The following morning, Campos says, she ordered González to leave. He told her that he had also been drunk and asked her not to get mad at him, Campos recalls.
Campos says the management company that represented her and González at the time, DW Entertainment and Media, knew about the abuse but didn’t immediately fire González. “That’s when I started to understand a lot of things,” says Campos. “This was not something that surprised them. This was not something that they thought was very serious.”
During the following months, the company notified Campos whenever the two were scheduled for joint appearances in case she wanted to stay away. Other influencers who were friends with both González and Campos waved off and even mocked her distress after hearing her accusation.
Time passed and, afraid to lose friends and work, Campos tried to bury the incident — but then González crossed the line again, she says in the video. Campos says that during a work trip, González approached her mother, asked her to take him to his room, and then told her he would masturbate thinking of her. DW promised Campos they would talk to him, but she says they didn’t.
When she found out that González would host the company’s Christmas dinner, Campos says, she decided to quit. Only then, about a year and a half after the initial alleged abuse, did DW fire González.
Campos, González, and DW did not respond to requests for comment from BuzzFeed News.
As soon as she uploaded the video publicly accusing González, a campaign to victim-shame Campos began.
Luis Gallego Sánchez, a YouTuber known as Luisito Rey, said that González must “also be having a bad time” following Campos’s accusation. Gallego, who has more than 12 million followers, said that both González and Campos were to blame, the latter for having drunk too much.
Still others wondered if Campos brought the alleged attack upon herself.

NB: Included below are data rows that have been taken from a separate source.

(* Let $L$ be an atomic orthomodular lattice and let $V\in\mathcal{B}(L)$ be a $2$-dimensional Boolean subalgebra, with generating family $\mathcal{F}_V=\{P,P^{\perp}\}$. Then: (i) if $V$ is maximal in $\mathcal{B}(L)$, then $P$ and $P^{\perp}$ are (complementary) atoms of $L$; (ii) if $V$ is included in a $3$-dimensional $W\in\mathcal{B}(L)$ that is maximal in $\mathcal{B}(L)$, then one of $P,P^{\perp}$ is an atom of $L$ and the other is the join of two atoms of $L$; moreover, $W$ contains precisely two $2$-dimensional elements of $\mathcal{B}(L)$ other than $V$; (iii) if $V$ is neither maximal in $\mathcal{B}(L)$ nor included in a $3$-dimensional element of $\mathcal{B}(L)$ that is maximal in $\mathcal{B}(L)$, then one of $P,P^{\perp}$ is an atom of $L$ if and only if every $4$-dimensional $W\in\mathcal{B}(L)$ with $V\subseteq W$ contains precisely three $3$-dimensional elements $V_1,V_2,V_3\in\mathcal{B}(L)$ with $V\subset V_i$ for $i=1,2,3$.
   Context: $L$ is a lattice with least element $0$, greatest element $1$ and an orthocomplementation $P\mapsto P^{\perp}$, which is orthomodular and atomic (every nonzero element lies above an atom, i.e. a minimal nonzero element). Elements $P,Q$ are orthogonal if $P\le Q^{\perp}$. A Boolean subalgebra (BSA) $V$ of $L$ is said to be generated by a family $\mathcal{F}$ of nonzero pairwise orthogonal elements of $L$ with join $1$ if the elements of $\mathcal{F}$ are the atoms of $V$ and every element of $V$ is a join of elements of $\mathcal{F}$; this family is denoted $\mathcal{F}_V$. $\mathcal{B}(L)$ denotes the set of those BSAs of $L$ that are generated by some such family, partially ordered by inclusion (only such BSAs are considered). The dimension of $V\in\mathcal{B}(L)$ is the cardinality of $\mathcal{F}_V$. "Maximal" means maximal in the poset $\mathcal{B}(L)$. *)

theory Defs
  imports Main
begin

text \<open>The lattice L is modelled as a type of class bounded_lattice (least element bot = 0,
greatest element top = 1); the orthocomplementation is an explicit parameter oc.\<close>

definition orthocomplementation :: "('a::bounded_lattice \<Rightarrow> 'a) \<Rightarrow> bool" where
  "orthocomplementation oc \<longleftrightarrow>
     (\<forall>x. oc (oc x) = x) \<and>
     (\<forall>x y. x \<le> y \<longrightarrow> oc y \<le> oc x) \<and>
     (\<forall>x. inf x (oc x) = bot) \<and>
     (\<forall>x. sup x (oc x) = top)"

definition orthomodular :: "('a::bounded_lattice \<Rightarrow> 'a) \<Rightarrow> bool" where
  "orthomodular oc \<longleftrightarrow> orthocomplementation oc \<and>
     (\<forall>x y. x \<le> y \<longrightarrow> y = sup x (inf y (oc x)))"

definition atom :: "'a::bounded_lattice \<Rightarrow> bool" where
  "atom a \<longleftrightarrow> a \<noteq> bot \<and> (\<forall>b. b \<le> a \<longrightarrow> b = bot \<or> b = a)"

definition atomic :: "'a::bounded_lattice itself \<Rightarrow> bool" where
  "atomic _ \<longleftrightarrow> (\<forall>x::'a. x \<noteq> bot \<longrightarrow> (\<exists>a. atom a \<and> a \<le> x))"

definition orthogonal :: "('a::bounded_lattice \<Rightarrow> 'a) \<Rightarrow> 'a \<Rightarrow> 'a \<Rightarrow> bool" where
  "orthogonal oc x y \<longleftrightarrow> x \<le> oc y"

definition is_join :: "'a::order set \<Rightarrow> 'a \<Rightarrow> bool" where
  "is_join S x \<longleftrightarrow> (\<forall>s\<in>S. s \<le> x) \<and> (\<forall>y. (\<forall>s\<in>S. s \<le> y) \<longrightarrow> x \<le> y)"
text \<open>Lower bound: colour a set by whether its size is below n. A copy of \<open>Q\<^sub>n\<close> spans n
  consecutive sizes from its bottom to its top, so inside \<open>Q\<^sub>N\<close> with N < 2n it cannot be
  monochromatic; and a diverse pair would need a large set below a small one.

  Upper bound: embed P into \<open>Q\<^sub>d\<close>, d = dim2 P, and append h = height P blocks of n fresh
  points. An element x of chain rank k is realised as its embedding, plus the first k blocks in
  full, plus a subset of block k. For fixed x these sets form a copy of \<open>Q\<^sub>n\<close>; if no copy of
  \<open>Q\<^sub>n\<close> is monochromatic, one of them has the colour of x. Choosing it for every x gives a
  coloured copy of P, since elements of larger rank occupy strictly later blocks.\<close>

definition EH_property :: "'a set \<Rightarrow> ('a \<Rightarrow> 'a \<Rightarrow> bool) \<Rightarrow> ('a \<Rightarrow> bool) \<Rightarrow> nat \<Rightarrow> nat \<Rightarrow> bool" where
  "EH_property A le c n N \<longleftrightarrow>
     (\<forall>f :: nat set \<Rightarrow> bool. contains_colored_copy A le c N f \<or> contains_mono_Qn n N f)"

lemma poset_EH_number_eq_Least: "poset_EH_number A le c n = (LEAST N. EH_property A le c n N)"
  unfolding poset_EH_number_def EH_property_def ..

lemma induced_copy_subset_lessThan:
  assumes "induced_copy A le N phi" and "x \<in> A"
  shows "phi x \<subseteq> {..<N}"
  using assms unfolding induced_copy_def Q_def by blast

lemma induced_copy_finite:
  assumes "induced_copy A le N phi" and "x \<in> A"
  shows "finite (phi x)"
  using induced_copy_subset_lessThan[OF assms] finite_subset by blast

lemma induced_copy_subset_iff:
  assumes "induced_copy A le N phi" and "x \<in> A" "y \<in> A"
  shows "phi x \<subseteq> phi y \<longleftrightarrow> le x y"
  using assms unfolding induced_copy_def by blast

lemma induced_copy_eq_iff:
  assumes "induced_copy A le N phi" and "x \<in> A" "y \<in> A"
  shows "phi x = phi y \<longleftrightarrow> x = y"
  using assms unfolding induced_copy_def by (blast dest: inj_onD)

lemma induced_copyI:
  assumes "is_poset A le"
    and "\<And>x. x \<in> A \<Longrightarrow> phi x \<in> Q N"
    and "\<And>x y. x \<in> A \<Longrightarrow> y \<in> A \<Longrightarrow> le x y \<longleftrightarrow> phi x \<subseteq> phi y"
  shows "induced_copy A le N phi"
  unfolding induced_copy_def
proof (intro conjI)
  show "inj_on phi A"
  proof (rule inj_onI)
    fix x y assume "x \<in> A" "y \<in> A" "phi x = phi y"
    with assms(1,3) show "x = y" unfolding is_poset_def by blast
  qed
qed (use assms(2,3) in auto)

lemma is_poset_Q: "is_poset (Q n) (\<subseteq>)"
  unfolding is_poset_def Q_def by auto

definition threshold_coloring :: "nat \<Rightarrow> bool \<Rightarrow> nat set \<Rightarrow> bool" where
  "threshold_coloring n b X \<longleftrightarrow> (b \<longleftrightarrow> card X < n)"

The hosts of Hoy, a morning show produced by the telenovela giant Televisa, discussed Campos’s accusations, wondering if they were true and, if so, said she must be at least partly responsible.
Among the questions they asked: Why did she get blackout drunk? Why did she remain friendly with her alleged abuser? Will her accusation lead to a flood of accusations against other men?
The women on the show said they were baffled by Campos’s behavior following the assault. One of the male hosts, Arath de la Torre, gesticulated forcefully as he warned that any person could now accuse men of “having done something during a drunken episode 11, 12 years ago.”
The hosts faced criticism on social media, including a post by Mexico City legislator Alessandra Rojo de la Vega. “Women blaming us for being attacked are repeating the only thing they’ve learned from the outlet they represent,” she tweeted, referring to Televisa. “Submission, silence and violence to become successful. Apologize.”
The hosts later apologized to Campos, who recently filed a formal complaint against González with the Mexican authorities.
But while women are once again coming forward about sexual abuse, activists worry that this new wave will die down, just like the first one did two years ago.
“I’m afraid this will be just another anecdote,” said Unda. “Remember that time that the whole world spoke out because Nath Campos spoke up? And then what happened? Nothing.”